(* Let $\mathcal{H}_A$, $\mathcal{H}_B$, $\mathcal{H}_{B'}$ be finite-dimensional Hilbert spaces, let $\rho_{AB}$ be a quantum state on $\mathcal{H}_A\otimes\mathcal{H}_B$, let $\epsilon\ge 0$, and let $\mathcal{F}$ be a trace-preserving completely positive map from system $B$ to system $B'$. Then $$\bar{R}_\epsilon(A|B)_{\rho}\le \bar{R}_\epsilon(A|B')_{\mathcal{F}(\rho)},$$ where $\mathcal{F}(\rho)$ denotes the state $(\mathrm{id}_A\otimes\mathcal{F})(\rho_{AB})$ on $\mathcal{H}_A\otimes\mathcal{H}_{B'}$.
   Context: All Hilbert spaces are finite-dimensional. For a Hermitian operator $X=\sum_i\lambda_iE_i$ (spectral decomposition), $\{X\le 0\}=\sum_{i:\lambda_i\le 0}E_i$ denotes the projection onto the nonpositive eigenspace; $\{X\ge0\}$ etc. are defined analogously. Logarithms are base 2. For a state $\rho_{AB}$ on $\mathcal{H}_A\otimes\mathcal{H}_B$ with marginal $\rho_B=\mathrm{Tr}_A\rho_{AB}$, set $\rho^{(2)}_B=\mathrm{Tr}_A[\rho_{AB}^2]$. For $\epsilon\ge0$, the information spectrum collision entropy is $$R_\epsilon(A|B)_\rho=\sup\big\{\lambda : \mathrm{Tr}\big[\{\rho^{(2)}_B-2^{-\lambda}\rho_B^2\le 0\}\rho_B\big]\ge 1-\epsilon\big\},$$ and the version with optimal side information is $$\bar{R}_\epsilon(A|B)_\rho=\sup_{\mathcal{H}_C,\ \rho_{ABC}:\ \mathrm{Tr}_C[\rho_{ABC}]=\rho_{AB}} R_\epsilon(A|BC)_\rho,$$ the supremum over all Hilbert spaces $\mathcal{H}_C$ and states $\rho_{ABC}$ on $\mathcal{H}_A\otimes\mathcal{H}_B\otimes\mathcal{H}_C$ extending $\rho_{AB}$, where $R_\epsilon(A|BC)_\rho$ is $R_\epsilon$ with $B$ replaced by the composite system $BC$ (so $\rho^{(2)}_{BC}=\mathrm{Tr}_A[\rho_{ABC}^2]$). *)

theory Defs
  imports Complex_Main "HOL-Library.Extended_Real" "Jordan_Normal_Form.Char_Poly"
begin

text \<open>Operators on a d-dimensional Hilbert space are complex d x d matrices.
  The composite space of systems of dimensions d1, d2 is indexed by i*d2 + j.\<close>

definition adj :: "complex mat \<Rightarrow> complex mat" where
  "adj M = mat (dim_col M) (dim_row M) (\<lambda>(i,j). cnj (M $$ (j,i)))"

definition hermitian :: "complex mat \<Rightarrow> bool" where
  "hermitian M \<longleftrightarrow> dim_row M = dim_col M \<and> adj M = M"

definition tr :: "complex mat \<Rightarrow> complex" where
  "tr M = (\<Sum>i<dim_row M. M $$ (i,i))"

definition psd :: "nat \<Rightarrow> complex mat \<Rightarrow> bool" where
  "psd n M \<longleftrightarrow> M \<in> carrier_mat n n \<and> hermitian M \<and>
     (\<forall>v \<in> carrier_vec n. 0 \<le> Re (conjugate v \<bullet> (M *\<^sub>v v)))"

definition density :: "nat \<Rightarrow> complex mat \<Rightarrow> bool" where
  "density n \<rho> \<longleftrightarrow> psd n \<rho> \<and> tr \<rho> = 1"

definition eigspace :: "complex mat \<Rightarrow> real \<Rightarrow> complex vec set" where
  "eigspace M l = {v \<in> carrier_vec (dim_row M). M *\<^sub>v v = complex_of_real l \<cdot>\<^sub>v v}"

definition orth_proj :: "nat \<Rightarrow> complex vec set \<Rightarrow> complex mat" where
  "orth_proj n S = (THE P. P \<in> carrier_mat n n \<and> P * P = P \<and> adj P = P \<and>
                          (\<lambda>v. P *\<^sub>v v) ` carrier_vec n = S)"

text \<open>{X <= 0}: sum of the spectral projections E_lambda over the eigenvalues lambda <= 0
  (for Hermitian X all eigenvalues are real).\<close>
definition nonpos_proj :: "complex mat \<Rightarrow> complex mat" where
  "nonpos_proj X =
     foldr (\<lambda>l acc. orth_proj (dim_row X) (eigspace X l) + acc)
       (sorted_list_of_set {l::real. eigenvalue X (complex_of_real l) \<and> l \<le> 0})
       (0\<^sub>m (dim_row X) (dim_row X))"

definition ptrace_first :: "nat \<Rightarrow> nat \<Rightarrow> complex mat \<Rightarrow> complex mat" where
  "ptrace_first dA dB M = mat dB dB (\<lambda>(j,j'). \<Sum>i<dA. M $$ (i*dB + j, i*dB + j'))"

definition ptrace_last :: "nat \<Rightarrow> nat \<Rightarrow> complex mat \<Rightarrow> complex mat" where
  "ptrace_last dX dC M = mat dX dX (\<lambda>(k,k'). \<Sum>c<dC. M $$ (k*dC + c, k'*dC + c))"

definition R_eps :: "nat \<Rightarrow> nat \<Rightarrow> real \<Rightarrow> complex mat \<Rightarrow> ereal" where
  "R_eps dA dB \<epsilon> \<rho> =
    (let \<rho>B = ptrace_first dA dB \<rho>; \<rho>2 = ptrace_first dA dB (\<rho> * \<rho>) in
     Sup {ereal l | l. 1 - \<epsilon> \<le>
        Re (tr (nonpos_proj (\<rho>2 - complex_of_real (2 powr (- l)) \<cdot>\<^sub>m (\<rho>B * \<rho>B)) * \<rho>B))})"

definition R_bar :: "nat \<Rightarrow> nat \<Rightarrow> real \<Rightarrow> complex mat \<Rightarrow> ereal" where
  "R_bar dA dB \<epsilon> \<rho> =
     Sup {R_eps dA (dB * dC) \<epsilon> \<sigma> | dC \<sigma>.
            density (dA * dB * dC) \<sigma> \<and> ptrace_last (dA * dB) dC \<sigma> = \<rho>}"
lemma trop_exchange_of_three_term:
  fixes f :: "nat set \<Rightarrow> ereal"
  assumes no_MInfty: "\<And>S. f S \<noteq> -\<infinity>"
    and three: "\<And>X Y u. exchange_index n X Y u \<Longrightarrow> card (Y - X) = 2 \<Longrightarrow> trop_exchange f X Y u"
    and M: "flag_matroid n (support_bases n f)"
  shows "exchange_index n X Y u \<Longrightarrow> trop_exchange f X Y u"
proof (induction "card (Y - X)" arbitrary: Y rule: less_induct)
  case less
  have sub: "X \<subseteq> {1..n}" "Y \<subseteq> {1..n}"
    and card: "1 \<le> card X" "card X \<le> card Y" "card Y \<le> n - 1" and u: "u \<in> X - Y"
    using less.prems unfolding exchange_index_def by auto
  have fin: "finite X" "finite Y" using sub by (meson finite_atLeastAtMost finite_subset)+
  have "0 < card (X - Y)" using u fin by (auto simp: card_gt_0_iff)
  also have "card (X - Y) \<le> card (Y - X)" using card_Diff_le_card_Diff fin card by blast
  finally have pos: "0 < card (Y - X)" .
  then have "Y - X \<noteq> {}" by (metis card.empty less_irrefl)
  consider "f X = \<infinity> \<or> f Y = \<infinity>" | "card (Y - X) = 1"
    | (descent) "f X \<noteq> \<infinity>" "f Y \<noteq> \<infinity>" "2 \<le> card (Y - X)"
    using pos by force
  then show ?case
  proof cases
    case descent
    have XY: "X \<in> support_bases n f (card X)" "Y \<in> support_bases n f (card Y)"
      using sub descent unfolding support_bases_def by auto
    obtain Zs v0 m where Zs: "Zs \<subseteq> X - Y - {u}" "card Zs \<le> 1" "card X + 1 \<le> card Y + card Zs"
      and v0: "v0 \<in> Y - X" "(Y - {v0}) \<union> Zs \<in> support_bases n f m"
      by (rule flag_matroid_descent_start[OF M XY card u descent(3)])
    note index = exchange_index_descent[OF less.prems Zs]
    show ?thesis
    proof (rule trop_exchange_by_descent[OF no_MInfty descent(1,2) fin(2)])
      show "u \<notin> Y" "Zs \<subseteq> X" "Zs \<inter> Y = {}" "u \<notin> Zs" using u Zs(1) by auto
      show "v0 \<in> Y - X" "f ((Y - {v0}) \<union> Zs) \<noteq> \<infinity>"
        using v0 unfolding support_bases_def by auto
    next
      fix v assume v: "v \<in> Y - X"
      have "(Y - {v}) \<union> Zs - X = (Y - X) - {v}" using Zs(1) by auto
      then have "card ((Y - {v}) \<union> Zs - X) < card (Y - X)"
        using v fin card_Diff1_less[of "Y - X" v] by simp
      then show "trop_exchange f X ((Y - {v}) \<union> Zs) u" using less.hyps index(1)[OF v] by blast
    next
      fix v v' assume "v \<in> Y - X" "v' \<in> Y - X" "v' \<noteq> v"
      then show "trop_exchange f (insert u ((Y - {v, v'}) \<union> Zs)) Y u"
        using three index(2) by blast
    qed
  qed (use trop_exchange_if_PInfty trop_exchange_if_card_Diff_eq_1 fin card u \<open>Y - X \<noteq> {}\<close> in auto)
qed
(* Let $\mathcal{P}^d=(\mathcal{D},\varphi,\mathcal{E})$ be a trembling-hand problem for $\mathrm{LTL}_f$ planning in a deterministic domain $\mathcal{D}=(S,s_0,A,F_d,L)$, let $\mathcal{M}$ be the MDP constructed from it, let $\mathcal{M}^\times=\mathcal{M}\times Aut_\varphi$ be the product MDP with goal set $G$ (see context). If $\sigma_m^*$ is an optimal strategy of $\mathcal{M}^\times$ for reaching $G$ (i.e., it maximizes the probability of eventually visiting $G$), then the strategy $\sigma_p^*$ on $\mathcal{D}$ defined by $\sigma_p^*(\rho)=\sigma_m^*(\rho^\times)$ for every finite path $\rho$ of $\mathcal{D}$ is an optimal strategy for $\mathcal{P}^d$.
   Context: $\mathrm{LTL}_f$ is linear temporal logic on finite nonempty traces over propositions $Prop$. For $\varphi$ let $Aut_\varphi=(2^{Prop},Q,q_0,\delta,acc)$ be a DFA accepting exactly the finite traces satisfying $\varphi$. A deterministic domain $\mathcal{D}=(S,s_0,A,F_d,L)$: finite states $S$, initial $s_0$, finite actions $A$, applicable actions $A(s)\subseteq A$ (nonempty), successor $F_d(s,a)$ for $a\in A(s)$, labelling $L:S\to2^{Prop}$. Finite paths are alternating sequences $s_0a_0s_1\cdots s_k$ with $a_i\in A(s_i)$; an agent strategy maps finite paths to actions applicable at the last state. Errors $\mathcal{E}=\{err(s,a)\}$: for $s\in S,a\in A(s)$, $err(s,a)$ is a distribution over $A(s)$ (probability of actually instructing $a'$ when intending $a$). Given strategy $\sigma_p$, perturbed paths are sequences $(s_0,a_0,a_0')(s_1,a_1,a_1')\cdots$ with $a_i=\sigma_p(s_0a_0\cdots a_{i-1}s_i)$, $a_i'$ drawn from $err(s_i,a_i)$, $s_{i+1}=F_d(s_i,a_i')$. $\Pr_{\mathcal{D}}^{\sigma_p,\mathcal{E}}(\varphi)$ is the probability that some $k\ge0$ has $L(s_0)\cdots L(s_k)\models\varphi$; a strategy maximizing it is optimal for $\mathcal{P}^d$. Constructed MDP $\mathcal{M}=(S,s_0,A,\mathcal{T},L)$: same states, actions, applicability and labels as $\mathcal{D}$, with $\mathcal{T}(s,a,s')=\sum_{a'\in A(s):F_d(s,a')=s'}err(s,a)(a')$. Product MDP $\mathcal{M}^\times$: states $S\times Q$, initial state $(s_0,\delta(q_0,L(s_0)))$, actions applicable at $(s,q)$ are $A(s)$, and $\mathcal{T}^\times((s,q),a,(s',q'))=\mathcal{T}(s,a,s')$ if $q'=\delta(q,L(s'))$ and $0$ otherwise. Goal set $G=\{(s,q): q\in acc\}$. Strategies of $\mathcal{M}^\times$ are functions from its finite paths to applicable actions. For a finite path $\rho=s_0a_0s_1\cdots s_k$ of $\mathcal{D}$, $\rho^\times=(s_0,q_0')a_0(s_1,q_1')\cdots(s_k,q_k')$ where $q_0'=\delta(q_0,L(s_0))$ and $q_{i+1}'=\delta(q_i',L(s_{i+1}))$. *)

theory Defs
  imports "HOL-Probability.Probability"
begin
☆ ☆ ☆ ☆
__DESCRIPTION OF THE TASK__
Every line that contains "close" should be copied out of the data.

__SOLUTION BELOW__
  The composite space of systems of dimensions d1, d2 is indexed by i*d2 + j.\<close>
  (for Hermitian X all eigenvalues are real).\<close>
  qed (use trop_exchange_if_PInfty trop_exchange_if_card_Diff_eq_1 fin card u \<open>Y - X \<noteq> {}\<close> in auto)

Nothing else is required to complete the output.